NOT JUST ANOTHER DAY
To most American citizens, October 24th is just another day on the calendar; daily routines and business is conducted without any inkling as to what the date represents.
For members of the United Nations Association and United Nations Foundation, there is a special meaning to the day; it is U.N. Day -- a day that marks the anniversary of the founding of this global institution in 1945.
UNA-USA's 2011 U.N. Day theme is "The United Nations -- in Everyone's Interest". There is quite a bit of hard work that goes into this day by many good and thoughtful people. This is something to be kept firmly planted in our minds as we participate in activities commemorating this day. Unfortunately, many wish to see the world body diminished in its capacity to do its work.
THE U.N.: STILL RELEVANT 66 YEARS LATER
When leaders gathered in San Francisco in 1945, for what was formally known as the United Nations Conference on International Organization, the delegates could never have imagined that what they were about to do would still have such a profound impact on so many today.

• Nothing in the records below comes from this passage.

(* Suppose $g\in\mathcal{B}\setminus\mathcal{B}_0$. Then there exist $\delta\in(0,\pi/8)$, an increasing sequence $(r_n)_n$ in $(0,1)$ with $\lim_{n\to\infty}r_n=1$, and a sequence $(t_n)_n$ in $[0,2\pi)$ such that for every $n\in\mathbb{N}$ and every $t\in[-\delta(1-r_n),\delta(1-r_n)]$, $$(1-r_n)\,|g'(r_ne^{i(t_n+t)})|\ge\delta.$$
   Context: The Bloch space $\mathcal{B}$ consists of analytic $f$ on the unit disk $\mathbb{D}$ with $\sup_{z\in\mathbb{D}}(1-|z|^2)|f'(z)|<\infty$, and the little Bloch space $\mathcal{B}_0$ of those with $\lim_{|z|\to1^-}(1-|z|^2)|f'(z)|=0$. *)

theory Defs
  imports "HOL-Complex_Analysis.Complex_Analysis"
begin

definition bloch :: "(complex \<Rightarrow> complex) set" where
  "bloch = {f. f holomorphic_on ball 0 1 \<and>
     bdd_above ((\<lambda>z. (1 - (cmod z)\<^sup>2) * cmod (deriv f z)) ` ball 0 1)}"

definition little_bloch :: "(complex \<Rightarrow> complex) set" where
  "little_bloch = {f. f holomorphic_on ball 0 1 \<and>
     (\<forall>\<epsilon>>0. \<exists>\<rho><1. \<forall>z. \<rho> < cmod z \<and> cmod z < 1 \<longrightarrow>
        (1 - (cmod z)\<^sup>2) * cmod (deriv f z) < \<epsilon>)}"

end

theory Submission
  imports Defs
begin

text \<open>
  Since \<open>g\<close> is not in the little Bloch space, there are points \<open>z\<^sub>n\<close> with \<open>|z\<^sub>n| \<rightarrow> 1\<close> increasing
  and \<open>(1 - |z\<^sub>n|) |g'(z\<^sub>n)| \<ge> \<epsilon>/2\<close>. The Bloch bound \<open>|g'(x)| \<le> M/(1 - |x|)\<close> and the Cauchy
  estimate on a disc of radius \<open>(1 - |z|)/4\<close> give \<open>|g''| \<le> 8M/(1 - |z|)\<^sup>2\<close> near \<open>z\<close>, so \<open>g'\<close>
  changes by at most \<open>8M\<delta>/(1 - |z|)\<close> on the disc of radius \<open>\<delta>(1 - |z|)\<close> around \<open>z\<close>. For
  small \<open>\<delta>\<close> this keeps \<open>(1 - |z\<^sub>n|) |g'|\<close> above \<open>\<delta>\<close> there, in particular on the arc
  \<open>z\<^sub>n cis t\<close>, \<open>|t| \<le> \<delta>(1 - |z\<^sub>n|)\<close>, which lies in that disc.
\<close>

lemma bloch_bound_nonneg:
  assumes "\<And>x. x \<in> ball 0 1 \<Longrightarrow> (1 - (cmod x)\<^sup>2) * cmod (deriv g x) \<le> M"
  shows "0 \<le> M"
  using assms[of 0] norm_ge_zero[of "deriv g 0"] by (simp del: norm_ge_zero)

lemma bloch_bound:
  assumes "g \<in> bloch"
  obtains M where "0 \<le> M" and "\<And>x. x \<in> ball 0 1 \<Longrightarrow> (1 - (cmod x)\<^sup>2) * cmod (deriv g x) \<le> M"
proof -
  obtain M where M: "\<forall>x\<in>ball 0 1. (1 - (cmod x)\<^sup>2) * cmod (deriv g x) \<le> M"
    using assms unfolding bloch_def bdd_above_def by auto
  then show thesis
    using that bloch_bound_nonneg by blast
qed

lemma bloch_deriv_bound:
  assumes M: "\<And>x. x \<in> ball 0 1 \<Longrightarrow> (1 - (cmod x)\<^sup>2) * cmod (deriv g x) \<le> M"
    and x: "cmod x < 1"
  shows "cmod (deriv g x) \<le> M / (1 - cmod x)"
proof -
  have "(cmod x)\<^sup>2 \<le> cmod x"
    using x by (simp add: power2_eq_square mult_left_le_one_le)
  then have "(1 - cmod x) * cmod (deriv g x) \<le> (1 - (cmod x)\<^sup>2) * cmod (deriv g x)"
    by (intro mult_right_mono) auto
  also have "\<dots> \<le> M"
    using M x by simp
  finally show ?thesis
    using x by (simp add: pos_le_divide_eq mult.commute)
qed

lemma bloch_second_deriv_bound:
  assumes hol: "g holomorphic_on ball 0 1"
    and M: "\<And>x. x \<in> ball 0 1 \<Longrightarrow> (1 - (cmod x)\<^sup>2) * cmod (deriv g x) \<le> M"
    and z: "cmod z < 1" and w: "w \<in> ball z ((1 - cmod z) / 4)"
  shows "cmod (deriv (deriv g) w) \<le> 8 * M / (1 - cmod z)\<^sup>2"
proof -
  define \<rho> where "\<rho> = (1 - cmod z) / 4"
  have "0 < \<rho>"
    using z by (simp add: \<rho>_def)
  have "0 \<le> M"
    using M by (rule bloch_bound_nonneg)
  have near: "cmod x \<le> cmod z + (1 - cmod z) / 2" if "x \<in> cball w \<rho>" for x
  proof -
    have "cmod x \<le> cmod z + cmod (x - w) + cmod (w - z)"
      using norm_triangle_sub[of x z] norm_triangle_ineq[of "x - w" "w - z"] by simp
    moreover have "cmod (x - w) \<le> \<rho>" "cmod (w - z) < \<rho>"
      using that w by (simp_all add: \<rho>_def dist_norm norm_minus_commute)
    ultimately show ?thesis
      unfolding \<rho>_def by linarith
  qed
  have "cball w \<rho> \<subseteq> ball 0 1"
  proof
    fix x
    assume "x \<in> cball w \<rho>"
    with near[of x] z have "cmod x < 1"
      by argo
    then show "x \<in> ball 0 1"
      by simp
  qed
  moreover have "deriv g holomorphic_on ball 0 1"
    using hol by (rule holomorphic_deriv) simp
  ultimately have hol': "deriv g holomorphic_on cball w \<rho>"
    by (rule holomorphic_on_subset[rotated])
  have "cmod ((deriv ^^ 1) (deriv g) w) \<le> fact 1 * (2 * M / (1 - cmod z)) / \<rho> ^ 1"
  proof (rule Cauchy_inequality)
    show "deriv g holomorphic_on ball w \<rho>" "continuous_on (cball w \<rho>) (deriv g)"
      using hol' ball_subset_cball holomorphic_on_subset holomorphic_on_imp_continuous_on
      by blast+
    show "0 < \<rho>" by fact
    fix x
    assume "cmod (w - x) = \<rho>"
    then have "cmod x \<le> cmod z + (1 - cmod z) / 2"
      by (intro near) (simp add: dist_norm)
    then have x: "cmod x < 1" and gap: "(1 - cmod z) / 2 \<le> 1 - cmod x"
      using z by argo+
    have "cmod (deriv g x) \<le> M / (1 - cmod x)"
      using M x by (rule bloch_deriv_bound)
    also have "\<dots> \<le> M / ((1 - cmod z) / 2)"
      using gap z \<open>0 \<le> M\<close> by (intro divide_left_mono) auto
    finally show "cmod (deriv g x) \<le> 2 * M / (1 - cmod z)"
      by (simp add: ac_simps)
  qed
  also have "\<dots> = 8 * M / (1 - cmod z)\<^sup>2"
    by (simp add: \<rho>_def power2_eq_square)
  finally show ?thesis
    by simp
qed

lemma bloch_deriv_lipschitz:
  assumes hol: "g holomorphic_on ball 0 1"
    and M: "\<And>x. x \<in> ball 0 1 \<Longrightarrow> (1 - (cmod x)\<^sup>2) * cmod (deriv g x) \<le> M"
    and z: "cmod z < 1" and w: "cmod (w - z) \<le> d * (1 - cmod z)" and d: "d < 1/4"
  shows "cmod (deriv g w - deriv g z) \<le> 8 * M * d / (1 - cmod z)"
proof -
  define S where "S = ball z ((1 - cmod z) / 4)"
  have "0 \<le> M"
    using M by (rule bloch_bound_nonneg)
  have "S \<subseteq> ball 0 1"
  proof
    fix x
    assume "x \<in> S"
    then have "cmod (x - z) < (1 - cmod z) / 4"
      by (simp add: S_def dist_norm norm_minus_commute)
    with norm_triangle_sub[of x z] z have "cmod x < 1"
      by argo
    then show "x \<in> ball 0 1"
      by simp
  qed
  moreover have "deriv g holomorphic_on ball 0 1"
    using hol by (rule holomorphic_deriv) simp
  ultimately have hol': "deriv g holomorphic_on S"
    by (rule holomorphic_on_subset[rotated])
  have "d * (1 - cmod z) < 1/4 * (1 - cmod z)"
    using d z by (intro mult_strict_right_mono) auto
  with w have "w \<in> S"
    by (simp add: S_def dist_norm norm_minus_commute)
  have "cmod (deriv g w - deriv g z) \<le> 8 * M / (1 - cmod z)\<^sup>2 * cmod (w - z)"
  proof (rule field_differentiable_bound[where S = S and f' = "deriv (deriv g)"])
    show "convex S"
      by (simp add: S_def)
    show "w \<in> S" by fact
    show "z \<in> S"
      using z by (simp add: S_def)
    fix x
    assume "x \<in> S"
    then show "(deriv g has_field_derivative deriv (deriv g) x) (at x within S)"
      using hol' by (auto simp: S_def intro: holomorphic_derivI)
    show "cmod (deriv (deriv g) x) \<le> 8 * M / (1 - cmod z)\<^sup>2"
      using hol M z \<open>x \<in> S\<close> unfolding S_def by (rule bloch_second_deriv_bound)
  qed
  also have "\<dots> \<le> 8 * M / (1 - cmod z)\<^sup>2 * (d * (1 - cmod z))"
    using w \<open>0 \<le> M\<close> by (intro mult_left_mono) auto
  also have "\<dots> = 8 * M * d / (1 - cmod z)"
    using z by (simp add: power2_eq_square)
  finally show ?thesis .
qed

lemma bloch_deriv_lower_bound_near:
  assumes hol: "g holomorphic_on ball 0 1"
    and M: "\<And>x. x \<in> ball 0 1 \<Longrightarrow> (1 - (cmod x)\<^sup>2) * cmod (deriv g x) \<le> M"
    and z: "cmod z < 1" and big: "\<epsilon> \<le> (1 - (cmod z)\<^sup>2) * cmod (deriv g z)"
    and \<delta>: "\<delta> < 1/4" "2 * (1 + 8 * M) * \<delta> \<le> \<epsilon>"
    and w: "cmod (w - z) \<le> \<delta> * (1 - cmod z)"
  shows "\<delta> \<le> (1 - cmod z) * cmod (deriv g w)"
proof -
  have "1 - (cmod z)\<^sup>2 = (1 - cmod z) * (1 + cmod z)"
    by (simp add: power2_eq_square algebra_simps)
  also have "\<dots> \<le> (1 - cmod z) * 2"
    using z by (intro mult_left_mono) auto
  also have "\<dots> = 2 * (1 - cmod z)"
    by simp
  finally have "(1 - (cmod z)\<^sup>2) * cmod (deriv g z) \<le> 2 * ((1 - cmod z) * cmod (deriv g z))"
    using mult_right_mono[OF _ norm_ge_zero] by (metis mult.assoc)
  with big have at_z: "\<epsilon> / 2 \<le> (1 - cmod z) * cmod (deriv g z)"
    by linarith
  have "(1 - cmod z) * cmod (deriv g w - deriv g z) \<le> (1 - cmod z) * (8 * M * \<delta> / (1 - cmod z))"
    using bloch_deriv_lipschitz[OF hol M z w \<delta>(1)] z by (intro mult_left_mono) auto
  then have change: "(1 - cmod z) * cmod (deriv g w - deriv g z) \<le> 8 * M * \<delta>"
    using z by simp
  have "(1 - cmod z) * (cmod (deriv g z) - cmod (deriv g w - deriv g z))
      \<le> (1 - cmod z) * cmod (deriv g w)"
    using z norm_triangle_ineq2[of "deriv g z" "deriv g z - deriv g w"]
    by (intro mult_left_mono) (auto simp: norm_minus_commute)
  then have "(1 - cmod z) * cmod (deriv g z) - (1 - cmod z) * cmod (deriv g w - deriv g z)
      \<le> (1 - cmod z) * cmod (deriv g w)"
    by (simp add: right_diff_distrib)
  moreover have "\<delta> + 8 * M * \<delta> \<le> \<epsilon> / 2"
    using \<delta>(2) by (simp add: algebra_simps)
  ultimately show ?thesis
    using at_z change by linarith
qed

lemma norm_cis_minus_one_le: "cmod (cis t - 1) \<le> \<bar>t\<bar>"
proof -
  have "(cmod (cis t - 1))\<^sup>2 = (cos t - 1)\<^sup>2 + (sin t)\<^sup>2"
    by (simp add: cmod_power2)
  also have "\<dots> = 4 * (sin (t / 2))\<^sup>2"
    using cos_double_sin[of "t / 2"] by (simp add: power2_diff sin_squared_eq)
  also have "\<dots> \<le> 4 * (t / 2)\<^sup>2"
    using abs_sin_x_le_abs_x[of "t / 2"]
    by (metis abs_ge_zero mult_left_mono power2_abs power_mono zero_le_numeral)
  also have "\<dots> = t\<^sup>2"
    by (simp add: power2_eq_square)
  finally show ?thesis
    using abs_le_square_iff by (metis abs_norm_cancel)
qed

lemma norm_mult_cis_sub_le: "cmod (z * cis t - z) \<le> cmod z * \<bar>t\<bar>"
proof -
  have "z * cis t - z = z * (cis t - 1)"
    by (simp add: algebra_simps)
  then show ?thesis
    using norm_cis_minus_one_le[of t] by (simp add: norm_mult mult_left_mono)
qed

lemma not_little_bloch_sequence:
  assumes "g holomorphic_on ball 0 1" and "g \<notin> little_bloch"
  obtains \<epsilon> and z :: "nat \<Rightarrow> complex"
  where "0 < \<epsilon>" and "strict_mono (\<lambda>n. cmod (z n))"
    and "\<And>n. 0 < cmod (z n) \<and> cmod (z n) < 1" and "(\<lambda>n. cmod (z n)) \<longlonglongrightarrow> 1"
    and "\<And>n. \<epsilon> \<le> (1 - (cmod (z n))\<^sup>2) * cmod (deriv g (z n))"
proof -
  obtain \<epsilon> where "0 < \<epsilon>"
    and ex: "\<And>\<rho>. \<rho> < 1 \<Longrightarrow> \<exists>z. \<rho> < cmod z \<and> cmod z < 1 \<and> \<epsilon> \<le> (1 - (cmod z)\<^sup>2) * cmod (deriv g z)"
    using assms unfolding little_bloch_def by (auto simp: not_less) (metis not_le)
  define P where "P n z \<longleftrightarrow> 1 - 1 / real (Suc n) < cmod z \<and> cmod z < 1
      \<and> \<epsilon> \<le> (1 - (cmod z)\<^sup>2) * cmod (deriv g z)" for n z
  have "\<exists>z. P 0 z"
    using ex[of 0] by (simp add: P_def)
  moreover have "\<exists>y. P (Suc n) y \<and> cmod z < cmod y" if "P n z" for n z
    using ex[of "max (cmod z) (1 - 1 / real (Suc (Suc n)))"] that by (auto simp: P_def)
  ultimately obtain z where z: "\<And>n. P n (z n) \<and> cmod (z n) < cmod (z (Suc n))"
    using dependent_nat_choice[of P "\<lambda>_ z y. cmod z < cmod y"] by blast
  have mono: "strict_mono (\<lambda>n. cmod (z n))"
    using z by (simp add: strict_mono_Suc_iff)
  have bounds: "0 < cmod (z n) \<and> cmod (z n) < 1" for n
  proof -
    have "1 / real (Suc n) \<le> 1"
      by simp
    with z[of n] show ?thesis
      unfolding P_def by linarith
  qed
  have "(\<lambda>n. cmod (z n)) \<longlonglongrightarrow> 1"
  proof (rule tendsto_sandwich[OF _ _ _ tendsto_const])
    show "(\<lambda>n. 1 - 1 / real (Suc n)) \<longlonglongrightarrow> 1"
      using tendsto_diff[OF tendsto_const[of 1] LIMSEQ_inverse_real_of_nat]
      by (simp add: inverse_eq_divide)
    show "\<forall>\<^sub>F n in sequentially. 1 - 1 / real (Suc n) \<le> cmod (z n)"
      using z by (intro always_eventually allI) (simp add: P_def less_imp_le)
    show "\<forall>\<^sub>F n in sequentially. cmod (z n) \<le> 1"
      using bounds by (intro always_eventually allI less_imp_le) blast
  qed
  then show thesis
    using z by (intro that[OF \<open>0 < \<epsilon>\<close> mono bounds]) (simp_all add: P_def)
qed

theorem lemma5p4:
  fixes g :: "complex \<Rightarrow> complex"
  assumes "g \<in> bloch" and "g \<notin> little_bloch"
  shows "\<exists>(\<delta>::real) (r::nat \<Rightarrow> real) (tt::nat \<Rightarrow> real).
           0 < \<delta> \<and> \<delta> < pi / 8 \<and>
           strict_mono r \<and> (\<forall>n. 0 < r n \<and> r n < 1) \<and> r \<longlonglongrightarrow> 1 \<and>
           (\<forall>n. 0 \<le> tt n \<and> tt n < 2 * pi) \<and>
           (\<forall>n. \<forall>t. - \<delta> * (1 - r n) \<le> t \<and> t \<le> \<delta> * (1 - r n) \<longrightarrow>
              (1 - r n) * cmod (deriv g (complex_of_real (r n) * cis (tt n + t))) \<ge> \<delta>)"
proof -
  have hol: "g holomorphic_on ball 0 1"
    using assms(1) by (simp add: bloch_def)
  obtain M where "0 \<le> M" and M: "\<And>x. x \<in> ball 0 1 \<Longrightarrow> (1 - (cmod x)\<^sup>2) * cmod (deriv g x) \<le> M"
    using assms(1) bloch_bound by metis
  obtain \<epsilon> z where "0 < \<epsilon>" and mono: "strict_mono (\<lambda>n. cmod (z n))"
    and z: "\<And>n. 0 < cmod (z n) \<and> cmod (z n) < 1" and lim: "(\<lambda>n. cmod (z n)) \<longlonglongrightarrow> 1"
    and big: "\<And>n. \<epsilon> \<le> (1 - (cmod (z n))\<^sup>2) * cmod (deriv g (z n))"
    using not_little_bloch_sequence[OF hol assms(2)] by metis
  define \<delta> where "\<delta> = min (1/8) (\<epsilon> / (2 * (1 + 8 * M)))"
  have "0 < \<delta>"
    using \<open>0 < \<epsilon>\<close> \<open>0 \<le> M\<close> by (simp add: \<delta>_def)
  moreover have "\<delta> \<le> 1/8" "\<delta> \<le> \<epsilon> / (2 * (1 + 8 * M))"
    unfolding \<delta>_def by (rule min.cobounded1, rule min.cobounded2)
  ultimately have \<delta>: "0 < \<delta>" "\<delta> < pi / 8" "\<delta> < 1/4" "2 * (1 + 8 * M) * \<delta> \<le> \<epsilon>"
    using \<open>0 \<le> M\<close> pi_gt3 by (simp_all add: pos_le_divide_eq mult.commute)
  have "\<delta> \<le> (1 - cmod (z n)) * cmod (deriv g (complex_of_real (cmod (z n)) * cis (Arg2pi (z n) + t)))"
    if "- \<delta> * (1 - cmod (z n)) \<le> t" "t \<le> \<delta> * (1 - cmod (z n))" for n t
  proof (rule bloch_deriv_lower_bound_near[OF hol M _ big \<delta>(3,4)])
    have "z n = complex_of_real (cmod (z n)) * cis (Arg2pi (z n))"
      using Arg2pi[of "z n"] by (simp add: is_Arg_def cis_conv_exp)
    then have "cmod (complex_of_real (cmod (z n)) * cis (Arg2pi (z n) + t) - z n) = cmod (z n * cis t - z n)"
      by (metis cis_mult mult.assoc)
    also have "\<dots> \<le> cmod (z n) * \<bar>t\<bar>"
      by (rule norm_mult_cis_sub_le)
    also have "\<dots> \<le> \<bar>t\<bar>"
      using z[of n] by (simp add: mult_left_le_one_le)
    also have "\<dots> \<le> \<delta> * (1 - cmod (z n))"
      using that by linarith
    finally show "cmod (complex_of_real (cmod (z n)) * cis (Arg2pi (z n) + t) - z n) \<le> \<delta> * (1 - cmod (z n))" .
  qed (use z in auto)
  then show ?thesis
    using \<delta>(1,2) mono z lim Arg2pi
    by (intro exI[of _ \<delta>] exI[of _ "\<lambda>n. cmod (z n)"] exI[of _ "\<lambda>n. Arg2pi (z n)"]) auto
qed

end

On October 24, 1945, the required number of nations present at the conference ratified the Charter of the United Nations and this day officially became what we know today as U.N. Day.
EDUCATING THE MASSES
When Americans think of the U.N., they envision images of blue-helmeted peacekeepers keeping the peace in a remote part of the world subsequent to some violent conflict.
While this is quite true, there is so much more the U.N. does around the world to make a difference in the lives of those less fortunate than those of us in the west. One of the missions of UNA-USA and UN Foundation is to inform, so it is incumbent upon the membership to educate the public about the wider role the U.N. plays; to change the perception portrayed in the media that is a debating society marred by corruption. Do problems exist? Of course they do. In any large organization, the size and scope of the U.N., issues are bound to develop. However, this should not detract from all of the accomplishments the U.N. has achieved through the years.
From Cambodia to Namibia, El Salvador to Eritrea, Mozambique to Nicaragua, South Africa to Kosovo, and from East Timor to the 193rd member of the U.N. and newest nation South Sudan, the U.N. has provided the assistance and wherewithal to allow people of these countries to participate in free and fair elections. An expansion of democratic freedoms is certainly "in everyone's interest".
In addition, the work of U.N. agencies like the United Nations High Commissioner for Refugees (UNHCR), the United Nations Children's Fund (UNICEF), the United Nations World Food Programme (WFP), and the United Nations World Health Organization (WHO) are performing admirable work -- in the harshest of circumstances -- in places such as Yemen, Libya, Sudan, and in the Horn of Africa where famine threatens millions of people in Somalia, Kenya, and Ethiopia.
Opponents argue, "Why are we (the United States) supporting U.N. work in such remote areas of the world?" There is, I would submit to you, a national interest in areas such as Yemen. The prevention of a failed state, particularly one suspected as being an al-Qaeda training ground, is clearly "in everyone's interest".